What is the use of returning lengths?
I think it can be better understood by an example. Suppose we have a problem where I need to classify whether a video is a teaching class or a person practicing a sport. Videos are composed of a set of frames, where each one is an image. So, one way to go is to pass the set of frames through an LSTM model. Now suppose every frame of our video have torch.size([C, H, W])
, where C is the RGB channels, H is the height and W is the width of the image. We also have a set of videos, in any case, every video might have a different length; therefore, a different number of total frames. For example, the video1 have 5350 frames while video2 have 3323 frames. You can model video1 and video2 with the following tensors: torch.size([5350, C, H, W])
and torch.size([3323, C, H, W])
respectively. As you can see, both tensors have different sizes in the first dimension, which prevents us from stacking both tensors in only one tensor. To make this happens, we can save a tensor called lengths = [5350, 3323]
and then pad all videos tensors with zeros to make them have equal length, i.e., both have the size of the biggest length, which is 5350, resulting in two tensors with the following shape: torch.size([5350, C, H, W])
. Then, after that, we can stack both tensor to obtain only 1 tensor with the following shape: torch.size([2, 5350, C, H, W])
, which means that 2 is the batch_size
(you can stack them with this function).

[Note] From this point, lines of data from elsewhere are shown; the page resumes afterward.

(* Let $(M,d)$ be a metric space and let $T:M\to M$ be a surjective mapping such that $$\inf_{n\ge 1}\ \sup_{x\in M} d(T^{n+1}x,T^{n}x)=0.$$ Then $T$ is the identity mapping on $M$.
   Context: $T^n$ denotes the $n$-fold composition of $T$ with itself. *)

theory Defs
  imports "HOL-Analysis.Analysis"
begin

end

theory Submission
  imports Defs
begin

text \<open>Since every iterate \<open>T ^^ n\<close> is onto, the supremum of
  \<open>d(T(T^n x), T^n x)\<close> over \<open>x\<close> is the displacement \<open>sup_y d(T y, y)\<close>,
  independently of \<open>n\<close>. So the infimum in the hypothesis is that displacement,
  which must therefore vanish.\<close>

lemma SUP_surj_comp:
  assumes "surj g"
  shows "(SUP x. f (g x)) = (SUP y. f y)"
proof -
  have "(SUP x. f (g x)) = Sup (f ` range g)"
    by (simp add: image_comp)
  then show ?thesis
    using assms by simp
qed

lemma SUP_dist_funpow_Suc_eq:
  fixes T :: "'a::metric_space \<Rightarrow> 'a"
  assumes "surj T"
  shows "(SUP x. ereal (dist ((T ^^ (n+1)) x) ((T ^^ n) x))) = (SUP y. ereal (dist (T y) y))"
  using SUP_surj_comp [OF surj_fn [OF assms, of n], of "\<lambda>y. ereal (dist (T y) y)"]
  by simp

lemma eq_id_if_SUP_dist_zero:
  fixes T :: "'a::metric_space \<Rightarrow> 'a"
  assumes "(SUP y. ereal (dist (T y) y)) = 0"
  shows "T = id"
proof
  fix y
  have "ereal (dist (T y) y) \<le> 0"
    using assms by (metis SUP_upper UNIV_I)
  then show "T y = id y" by simp
qed

theorem lemma2p1:
  fixes T :: "'a::metric_space \<Rightarrow> 'a"
  assumes "surj T"
    and "(INF n\<in>{1::nat..}. SUP x. ereal (dist ((T ^^ (n+1)) x) ((T ^^ n) x))) = 0"
  shows "T = id"
proof (rule eq_id_if_SUP_dist_zero)
  have "(INF n\<in>{1::nat..}. SUP y. ereal (dist (T y) y)) = 0"
    using assms(2) unfolding SUP_dist_funpow_Suc_eq [OF assms(1)] .
  then show "(SUP y. ereal (dist (T y) y)) = 0"
    by simp
qed

end
text \<open>Call an operator on finite vectors Lipschitz if it and its commutator with D are
  bounded. By the Leibniz rule [D, TS] = [D, T] S + T [D, S], Lipschitz operators form an
  algebra, so it suffices to treat pi(a), pi(a^*) and pi(b). In the basis |l,m>_\<plusminus> these
  matrices change l by 0 or \<plusminus>1 only, so by the Schur test their commutators with D are
  bounded as soon as their entries are. On the l-changing parts, which pi_+ and pi_- share,
  the commutator only picks up the eigenvalue difference \<plusminus>1 of |D|; on the l-preserving
  part, whose sign differs between pi_+ and pi_-, it is multiplied by 2(l + 1/2). These
  entries stay bounded: at q = 1 the l-preserving coefficients are O(1/l), and for q < 1
  the estimate q^(1-x) \<le> [x] \<le> q^(1-x) / (1 - q^2) shows that all coefficients are bounded
  and the l-preserving ones are O(q^(2l)).\<close>

type_synonym vec = "idx \<Rightarrow> complex"

definition supp :: "('a \<Rightarrow> complex) \<Rightarrow> 'a set" where
  "supp v = {i. v i \<noteq> 0}"

definition sqnorm :: "('a \<Rightarrow> complex) \<Rightarrow> real" where
  "sqnorm v = (\<Sum>i\<in>supp v. (cmod (v i))\<^sup>2)"

lemma sqnorm_eq_sum:
  assumes "finite A" and "supp v \<subseteq> A"
  shows "sqnorm v = (\<Sum>i\<in>A. (cmod (v i))\<^sup>2)"
  unfolding sqnorm_def by (rule sum.mono_neutral_left) (use assms in \<open>auto simp: supp_def\<close>)

lemma sqnorm_nonneg: "0 \<le> sqnorm v"
  by (simp add: sqnorm_def sum_nonneg)

lemma sqnorm_add_le:
  assumes "finite (supp u)" and "finite (supp v)"
  shows "sqnorm (\<lambda>i. u i + v i) \<le> 2 * sqnorm u + 2 * sqnorm v"
proof -
  let ?A = "supp u \<union> supp v"
  have pointwise: "(cmod (u i + v i))\<^sup>2 \<le> 2 * (cmod (u i))\<^sup>2 + 2 * (cmod (v i))\<^sup>2" for i
  proof -
    have "(cmod (u i + v i))\<^sup>2 \<le> (cmod (u i) + cmod (v i))\<^sup>2"
      by (simp add: norm_triangle_ineq power_mono)
    also have "\<dots> \<le> 2 * (cmod (u i))\<^sup>2 + 2 * (cmod (v i))\<^sup>2"
      using zero_le_power2[of "cmod (u i) - cmod (v i)"] unfolding power2_diff power2_sum by linarith
    finally show ?thesis .
  qed
  have "sqnorm (\<lambda>i. u i + v i) = (\<Sum>i\<in>?A. (cmod (u i + v i))\<^sup>2)"
    by (rule sqnorm_eq_sum) (use assms in \<open>auto simp: supp_def\<close>)
  also have "\<dots> \<le> (\<Sum>i\<in>?A. 2 * (cmod (u i))\<^sup>2 + 2 * (cmod (v i))\<^sup>2)"
    by (rule sum_mono) (rule pointwise)
  also have "\<dots> = 2 * sqnorm u + 2 * sqnorm v"
    using assms by (simp add: sum.distrib sum_distrib_left sqnorm_eq_sum[of ?A])
  finally show ?thesis .
qed

lemma sqnorm_scale:
  assumes "finite (supp v)"
  shows "sqnorm (\<lambda>i. c * v i) = (cmod c)\<^sup>2 * sqnorm v"
proof -
  have "sqnorm (\<lambda>i. c * v i) = (\<Sum>i\<in>supp v. (cmod (c * v i))\<^sup>2)"
    by (rule sqnorm_eq_sum) (use assms in \<open>auto simp: supp_def\<close>)
  then show ?thesis
    by (simp add: sqnorm_def norm_mult power_mult_distrib sum_distrib_left)
qed

lemma finite_supp_finvec: "finvec v \<Longrightarrow> finite (supp v)"
  by (simp add: finvec_def supp_def)

lemma finvec_add:
  assumes "finvec u" and "finvec v"
  shows "finvec (\<lambda>i. u i + v i)"
proof -
  have "{i. u i + v i \<noteq> 0} \<subseteq> {i. u i \<noteq> 0} \<union> {i. v i \<noteq> 0}" by auto
  with assms show ?thesis unfolding finvec_def by (auto intro: finite_subset)
qed

lemma finvec_scale: "finvec v \<Longrightarrow> finvec (\<lambda>i. c * v i)"
  unfolding finvec_def by (auto intro: finite_subset[of _ "{i. v i \<noteq> 0}"])

lemma finvec_diff: "finvec u \<Longrightarrow> finvec v \<Longrightarrow> finvec (\<lambda>i. u i - v i)"
  using finvec_add[of u "\<lambda>i. (-1) * v i"] finvec_scale[of v "-1"] by simp

definition flip :: "idx \<Rightarrow> idx" where
  "flip i = (\<not> fst i, snd i)"

lemma flip_flip [simp]: "flip (flip i) = i"
  by (simp add: flip_def)

lemma snd_flip [simp]: "snd (flip i) = snd i"
  by (simp add: flip_def)
(* Let $L^x,L^y>0$, let $i\neq j$ be two boxes, each box $k\in\{i,j\}$ having center $(c^x_k,c^y_k)$, side lengths $(\ell^x_k,\ell^y_k)$ and constants $lb^s_k>0$, $ub^s_k$. Let $$Q^{ub}=\{(c_i,c_j,\ell_i,\ell_j)\in\mathbb{R}^8:\ \tfrac12\ell^s_k\le c^s_k\le L^s-\tfrac12\ell^s_k,\ lb^s_k\le\ell^s_k\le ub^s_k\ \ \forall s\in\{x,y\},k\in\{i,j\}\}.$$ Let $E^8$ be the set of $(c,\ell,z)$ with $(c,\ell)=(c_i,c_j,\ell_i,\ell_j)\in Q^{ub}$, $z=(z^s_{p,q})_{s\in\{x,y\},(p,q)\in\{(i,j),(j,i)\}}\in\{0,1\}^4$ not identically zero, $z^s_{i,j}+z^s_{j,i}\le1$ for each $s$, $z^s_{p,q}=1\Rightarrow\mathscr{B}_p\leftarrow_s\mathscr{B}_q$, and $z^s_{i,j}=z^s_{j,i}=0\Rightarrow(\mathscr{B}_i\not\leftarrow_s\mathscr{B}_j$ and $\mathscr{B}_j\not\leftarrow_s\mathscr{B}_i)$. Let $E^U$ be the set of $(c,\ell,u)$ with $(c,\ell)\in Q^{ub}$, $u=(u^s_{p,q})\in\{0,1\}^4$ having exactly one entry equal to $1$, and $u^s_{p,q}=1\Rightarrow\mathscr{B}_p\leftarrow_s\mathscr{B}_q$. Then for any $\{r,s\}=\{x,y\}$ and $\{p,q\}=\{i,j\}$: (a) $c^s_p+ub^s_q(1-z^s_{q,p})\ge\tfrac12\ell^s_p+\ell^s_q$ holds for all points of $E^8$; (b) if $L^s<ub^s_p+ub^s_q$, then $z^r_{p,q}+z^r_{q,p}\ge\dfrac{\ell^s_p+\ell^s_q-L^s}{ub^s_p+ub^s_q-L^s}$ holds for all points of $E^8$, and $u^r_{p,q}+u^r_{q,p}\ge\dfrac{\ell^s_p+\ell^s_q-L^s}{ub^s_p+ub^s_q-L^s}$ holds for all points of $E^U$.
   Context: $\mathscr{B}_p\leftarrow_s\mathscr{B}_q$ means $c^s_p+\tfrac12\ell^s_p\le c^s_q-\tfrac12\ell^s_q$, and $\mathscr{B}_p\not\leftarrow_s\mathscr{B}_q$ means $c^s_p+\tfrac12\ell^s_p\ge c^s_q-\tfrac12\ell^s_q$. $E^8=\operatorname{Em}(Q^{ub},D^8,C^8)$ and $E^U=\operatorname{Em}(Q^{ub},D^4,U^4)$ in the paper's notation. In the paper $ub^s_k=\min\{\sqrt{\alpha_k\beta_k},L^s\}$, $lb^s_k=\beta_k/ub^s_k$. *)

theory Defs
  imports Complex_Main
begin

datatype axis = X | Y
datatype box = I | J

type_synonym coords = "box \<Rightarrow> axis \<Rightarrow> real"
type_synonym binvars = "axis \<Rightarrow> box \<Rightarrow> box \<Rightarrow> real"

definition left_of :: "coords \<Rightarrow> coords \<Rightarrow> axis \<Rightarrow> box \<Rightarrow> box \<Rightarrow> bool" where
  "left_of c l s p q \<longleftrightarrow> c p s + l p s / 2 \<le> c q s - l q s / 2"

definition not_left_of :: "coords \<Rightarrow> coords \<Rightarrow> axis \<Rightarrow> box \<Rightarrow> box \<Rightarrow> bool" where
  "not_left_of c l s p q \<longleftrightarrow> c p s + l p s / 2 \<ge> c q s - l q s / 2"

definition Q_ub :: "(axis \<Rightarrow> real) \<Rightarrow> coords \<Rightarrow> coords \<Rightarrow> (coords \<times> coords) set" where
  "Q_ub L lb ub = {(c, l). \<forall>s k. l k s / 2 \<le> c k s \<and> c k s \<le> L s - l k s / 2
                             \<and> lb k s \<le> l k s \<and> l k s \<le> ub k s}"

text \<open>Only the entries z s p q with p \<noteq> q are meaningful (four binary variables).\<close>
definition E8 :: "(axis \<Rightarrow> real) \<Rightarrow> coords \<Rightarrow> coords \<Rightarrow> (coords \<times> coords \<times> binvars) set" where
  "E8 L lb ub = {(c, l, z). (c, l) \<in> Q_ub L lb ub
      \<and> (\<forall>s p q. p \<noteq> q \<longrightarrow> z s p q \<in> {0, 1})
      \<and> (\<exists>s p q. p \<noteq> q \<and> z s p q \<noteq> 0)
      \<and> (\<forall>s. z s I J + z s J I \<le> 1)
      \<and> (\<forall>s p q. p \<noteq> q \<longrightarrow> z s p q = 1 \<longrightarrow> left_of c l s p q)
      \<and> (\<forall>s. z s I J = 0 \<and> z s J I = 0 \<longrightarrow>
              not_left_of c l s I J \<and> not_left_of c l s J I)}"

definition EU :: "(axis \<Rightarrow> real) \<Rightarrow> coords \<Rightarrow> coords \<Rightarrow> (coords \<times> coords \<times> binvars) set" where
  "EU L lb ub = {(c, l, u). (c, l) \<in> Q_ub L lb ub
      \<and> (\<forall>s p q. p \<noteq> q \<longrightarrow> u s p q \<in> {0, 1})
      \<and> card {(s, p, q). p \<noteq> q \<and> u s p q = 1} = 1
      \<and> (\<forall>s p q. p \<noteq> q \<longrightarrow> u s p q = 1 \<longrightarrow> left_of c l s p q)}"

end

theory Submission
  imports Defs
begin

text \<open>Part (a) is a big-M argument: if z^s_{q,p} = 0 it follows from c^s_p >= l^s_p/2 and
  l^s_q <= ub^s_q, and if z^s_{q,p} = 1 then box q lies before box p, so
  c^s_p >= c^s_q + l^s_q/2 + l^s_p/2 >= l^s_q + l^s_p/2.
  For part (b), every point of E^8 or E^U has some binary variable z^t_{p',q'} equal to 1.
  If t = s, the boxes are separated along s, so l^s_p + l^s_q <= L^s and the right-hand side
  is nonpositive; if t = r, the left-hand side is at least 1, while l <= ub bounds the
  right-hand side by 1.\<close>

lemma axis_two_valued: "(r::axis) \<noteq> s \<Longrightarrow> a = r \<or> a = s"
  by (cases a; cases r; cases s) auto

lemma box_two_valued: "(p::box) \<noteq> q \<Longrightarrow> k = p \<or> k = q"
  by (cases k; cases p; cases q) auto

lemma Q_ub_bounds:
  assumes "(c, l) \<in> Q_ub L lb ub"
  shows "l k s / 2 \<le> c k s" "c k s \<le> L s - l k s / 2" "l k s \<le> ub k s"
  using assms unfolding Q_ub_def by auto

lemma left_of_lengths_le:
  assumes "(c, l) \<in> Q_ub L lb ub" "left_of c l s a b"
  shows "l a s + l b s \<le> L s"
  using Q_ub_bounds(1)[OF assms(1), of a s] Q_ub_bounds(2)[OF assms(1), of b s] assms(2)
  unfolding left_of_def by linarith

lemma E8_big_M_valid:
  assumes "(c, l, z) \<in> E8 L lb ub" "p \<noteq> q"
  shows "l p s / 2 + l q s \<le> c p s + ub q s * (1 - z s q p)"
proof -
  have Q: "(c, l) \<in> Q_ub L lb ub" and "z s q p \<in> {0, 1}"
    and left: "z s q p = 1 \<Longrightarrow> left_of c l s q p"
    using assms unfolding E8_def by auto
  then consider "z s q p = 0" | "z s q p = 1" by blast
  then show ?thesis
    using Q_ub_bounds[OF Q, of p s] Q_ub_bounds[OF Q, of q s] left
    by cases (auto simp: left_of_def)
qed

lemma divide_le_if_one_le_or_nonpos:
  fixes a d x :: real
  assumes "0 < d" "a \<le> d" "0 \<le> x" "1 \<le> x \<or> a \<le> 0"
  shows "a / d \<le> x"
proof -
  have "a / d \<le> 1" using assms(1,2) by simp
  moreover have "a \<le> 0 \<Longrightarrow> a / d \<le> 0" using assms(1) by (simp add: divide_nonpos_pos)
  ultimately show ?thesis using assms(3,4) by linarith
qed

lemma active_pair_cover:
  fixes z :: binvars
  assumes Q: "(c, l) \<in> Q_ub L lb ub"
    and binary: "\<forall>t p q. p \<noteq> q \<longrightarrow> z t p q \<in> {0, 1}"
    and active_left: "\<forall>t p q. p \<noteq> q \<longrightarrow> z t p q = 1 \<longrightarrow> left_of c l t p q"
    and active: "p' \<noteq> q'" "z t p' q' = 1"
    and "r \<noteq> s" "p \<noteq> q"
  shows "1 \<le> z r p q + z r q p \<or> l p s + l q s \<le> L s"
proof -
  have pair: "(p', q') = (p, q) \<or> (p', q') = (q, p)"
    using box_two_valued[OF \<open>p \<noteq> q\<close>, of p'] box_two_valued[OF \<open>p \<noteq> q\<close>, of q'] active(1)
    by auto
  have nonneg: "0 \<le> z r p q" "0 \<le> z r q p"
    using binary \<open>p \<noteq> q\<close> by (metis empty_iff insert_iff order_refl zero_le_one)+
  consider "t = r" | "t = s" using axis_two_valued[OF \<open>r \<noteq> s\<close>] by blast
  then show ?thesis
  proof cases
    case 1
    then show ?thesis using pair active(2) nonneg by auto
  next
    case 2
    then have "l p' s + l q' s \<le> L s"
      using left_of_lengths_le[OF Q] active active_left by blast
    then show ?thesis using pair by auto
  qed
qed

lemma separation_cut_valid:
  fixes z :: binvars
  assumes Q: "(c, l) \<in> Q_ub L lb ub"
    and binary: "\<forall>t p q. p \<noteq> q \<longrightarrow> z t p q \<in> {0, 1}"
    and active_left: "\<forall>t p q. p \<noteq> q \<longrightarrow> z t p q = 1 \<longrightarrow> left_of c l t p q"
    and active: "\<exists>t p q. p \<noteq> q \<and> z t p q = 1"
    and rs: "r \<noteq> s" and pq: "p \<noteq> q"
    and big: "L s < ub p s + ub q s"
  shows "(l p s + l q s - L s) / (ub p s + ub q s - L s) \<le> z r p q + z r q p"
proof (rule divide_le_if_one_le_or_nonpos)
  show "0 < ub p s + ub q s - L s" using big by simp
  show "l p s + l q s - L s \<le> ub p s + ub q s - L s"
    using Q_ub_bounds(3)[OF Q, of p s] Q_ub_bounds(3)[OF Q, of q s] by simp
  show "0 \<le> z r p q + z r q p"
    using binary pq by (metis add_nonneg_nonneg insert_iff order_refl singletonD zero_le_one)
  obtain t p' q' where "p' \<noteq> q'" "z t p' q' = 1" using active by blast
  from active_pair_cover[OF Q binary active_left this rs pq]
  show "1 \<le> z r p q + z r q p \<or> l p s + l q s - L s \<le> 0" by simp
qed

lemma E8_separation_cut_valid:
  assumes E8: "(c, l, z) \<in> E8 L lb ub" and "r \<noteq> s" "p \<noteq> q" "L s < ub p s + ub q s"
  shows "(l p s + l q s - L s) / (ub p s + ub q s - L s) \<le> z r p q + z r q p"
proof -
  have hyps: "(c, l) \<in> Q_ub L lb ub" "\<forall>t p q. p \<noteq> q \<longrightarrow> z t p q \<in> {0, 1}"
    "\<forall>t p q. p \<noteq> q \<longrightarrow> z t p q = 1 \<longrightarrow> left_of c l t p q"
    and active: "\<exists>t p q. p \<noteq> q \<and> z t p q = 1"
    using E8 unfolding E8_def by fastforce+
  from separation_cut_valid[where z = z, OF hyps active assms(2-)] show ?thesis .
qed

lemma EU_separation_cut_valid:
  assumes EU: "(c, l, u) \<in> EU L lb ub" and "r \<noteq> s" "p \<noteq> q" "L s < ub p s + ub q s"
  shows "(l p s + l q s - L s) / (ub p s + ub q s - L s) \<le> u r p q + u r q p"
proof -
  have hyps: "(c, l) \<in> Q_ub L lb ub" "\<forall>t p q. p \<noteq> q \<longrightarrow> u t p q \<in> {0, 1}"
    "\<forall>t p q. p \<noteq> q \<longrightarrow> u t p q = 1 \<longrightarrow> left_of c l t p q"
    using EU unfolding EU_def by auto
  have "card {(t, p, q). p \<noteq> q \<and> u t p q = 1} = 1" using EU unfolding EU_def by simp
  then have "{(t, p, q). p \<noteq> q \<and> u t p q = 1} \<noteq> {}" by force
  then have "\<exists>t p q. p \<noteq> q \<and> u t p q = 1" by blast
  from separation_cut_valid[where z = u, OF hyps this assms(2-)] show ?thesis .
qed

theorem proposition6p3:
  fixes L :: "axis \<Rightarrow> real" and lb ub :: coords and r s :: axis and p q :: box
  assumes L_pos: "\<And>a. L a > 0"
    and lb_pos: "\<And>k a. lb k a > 0"
    and rs: "r \<noteq> s" and pq: "p \<noteq> q"
  shows "(\<forall>(c, l, z) \<in> E8 L lb ub.
            c p s + ub q s * (1 - z s q p) \<ge> l p s / 2 + l q s)
       \<and> (L s < ub p s + ub q s \<longrightarrow>
            (\<forall>(c, l, z) \<in> E8 L lb ub.
               z r p q + z r q p \<ge> (l p s + l q s - L s) / (ub p s + ub q s - L s))
          \<and> (\<forall>(c, l, u) \<in> EU L lb ub.
               u r p q + u r q p \<ge> (l p s + l q s - L s) / (ub p s + ub q s - L s)))"
  using E8_big_M_valid[OF _ pq] E8_separation_cut_valid[OF _ rs pq]
    EU_separation_cut_valid[OF _ rs pq] by fast

end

But, as you can see, we have lost the information on the sequence when stacking both tensors, which means that for the tensor of video2, all examples of video2_tensor[3324:, ...]
will have 0 as values. To remedy this, we need to use the lengths
vector to get the original sequence back, and not a bunch of zeros.
also, how would you use the built in torch.nn.utils.rnn.pad_sequence
in your example
Yes! You could use it, and your code seems fine to me. But why the mask = (batch != 0).to(device)
line?